Accessing Naturalization Records | The Naturalization Process | Citizenship for Women and Children | Citizenship through Military Service | Other Resources

The Indiana State Archives holds the naturalization records of 81 of Indiana’s 92 counties. Naturalization records housed at the Archives can still be accessed even if they have not yet been indexed. To see which counties the Archives holds naturalization records for, visit the Record Series and Collections search page and search for “naturalization.” For records not held at the Indiana State Archives, contact the clerk of the county in which the naturalization took place.

Accessing Naturalization Records Online

In an effort to increase the accessibility of these records, our volunteers continue to work diligently to index the records by name. These names are searchable in the Research Indiana Indexes. The Archives’ holdings of naturalization records are also being digitized by FamilySearch, and are available online for free.

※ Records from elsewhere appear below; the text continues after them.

lemma balanced_defect: "balanced defect"
  unfolding balanced_def
proof (intro conjI allI impI ballI)
  show "defect (replicate n True) = 0"
    unfolding defect_def using BLO_all_ones potential_all_ones by simp
next
  fix i b assume i: "i < k" and b: "b \<in> bitstrings l - {replicate l True}"
  let ?T = "bitstrings (n - Suc i * l)"
  let ?w = "(1 - p i) ^ (i * l)"
  let ?h = "block_time l (1 - 2 * p i)"
  define C where "C = (\<Sum>s\<in>?T. \<Sum>j = Suc i..<k. block_time l (1 - 2 * p j) (block (j - Suc i) s) / (1 - p j) ^ (j * l))"
  have w: "?w \<noteq> 0"
    using rate_bounds[OF i] by simp
  have level_sum: "(\<Sum>s\<in>?T. potential (level_string i c s)) = card ?T * ?h c / ?w + C"
    if "c \<in> bitstrings l" for c
    unfolding C_def by (rule sum_potential_level_string[OF i that])
  let ?E = "\<Sum>v\<in>bitstrings l. mask_prob (p i) v * ?h (xor_list b v)"
  have drift: "?h b - ?E = 1"
    using block_time_drift[of "p i" b l] rate_bounds[OF i] b by (simp add: bitstrings_def)
  have xor_in: "xor_list b v \<in> bitstrings l" if "v \<in> bitstrings l" for v
    using that b by (simp add: bitstrings_def)
  have "(\<Sum>s\<in>?T. kernel potential (level_string i b s)) =
      ?w * (\<Sum>v\<in>bitstrings l. mask_prob (p i) v * (card ?T * ?h (xor_list b v) / ?w + C)) +
      (1 - ?w) * (card ?T * ?h b / ?w + C)"
    unfolding sum_kernel_level_string[OF i b] using b xor_in level_sum by simp
  also have "(\<Sum>v\<in>bitstrings l. mask_prob (p i) v * (card ?T * ?h (xor_list b v) / ?w + C)) =
      card ?T / ?w * ?E + (\<Sum>v\<in>bitstrings l. mask_prob (p i) v) * C"
    by (simp add: sum.distrib sum_distrib_left sum_distrib_right algebra_simps)
  also have "?w * (card ?T / ?w * ?E + (\<Sum>v\<in>bitstrings l. mask_prob (p i) v) * C) +
      (1 - ?w) * (card ?T * ?h b / ?w + C) =
      card ?T * ?E + C + (1 - ?w) * card ?T * ?h b / ?w"
    using w by (simp add: sum_mask_prob field_simps)
  finally have "(\<Sum>s\<in>?T. defect (level_string i b s)) =
      card ?T * ?h b / ?w + C - card ?T - (card ?T * ?E + C + (1 - ?w) * card ?T * ?h b / ?w)"
    unfolding defect_def using BLO_level_string[OF i b] i b level_sum
    by (simp add: sum_subtractf sum.distrib)
  also have "\<dots> = card ?T * (?h b - ?E - 1)"
    using w by (simp add: diff_divide_distrib algebra_simps)
  finally show "(\<Sum>s\<in>?T. defect (level_string i b s)) = 0"
    unfolding drift by simp
qed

To use both resources together, first utilize the Research Indiana Indexes to locate a particular person’s naturalization record. Select the "Naturalizations" category from the Research Indiana Indexes homepage. You can search for records by name (full or partial), keyword, or county. Some individuals may have multiple naturalization entries. In the 19th and 20th centuries, naturalization was a three-step process: declaration of intent to naturalize, petition for naturalization, and finally a certificate or court order granting citizenship. Many immigrants never completed the full naturalization process, so there may be one to three records associated with a person, depending on how far they got in the naturalization process. Some final orders are signed on the back of the petition.

Once you find the record you are looking for in the Research Indiana Indexes, select "more detail” to pull up a detailed entry. Many record entries contain a unique barcode that relates that entry to a specific volume in our holdings. That barcode can be used to pull up the scanned image on FamilySearch.

On FamilySearch, click “Search,” then “Images.” Select “Show More Search Options” and “Show Advanced Search.” Now, you can paste the barcode from the Research Indiana Indexes into the keyword search box. This will bring up all images related to the barcode. Using the information provided on the Research Indiana Indexes, scroll to the appropriate page number and select it.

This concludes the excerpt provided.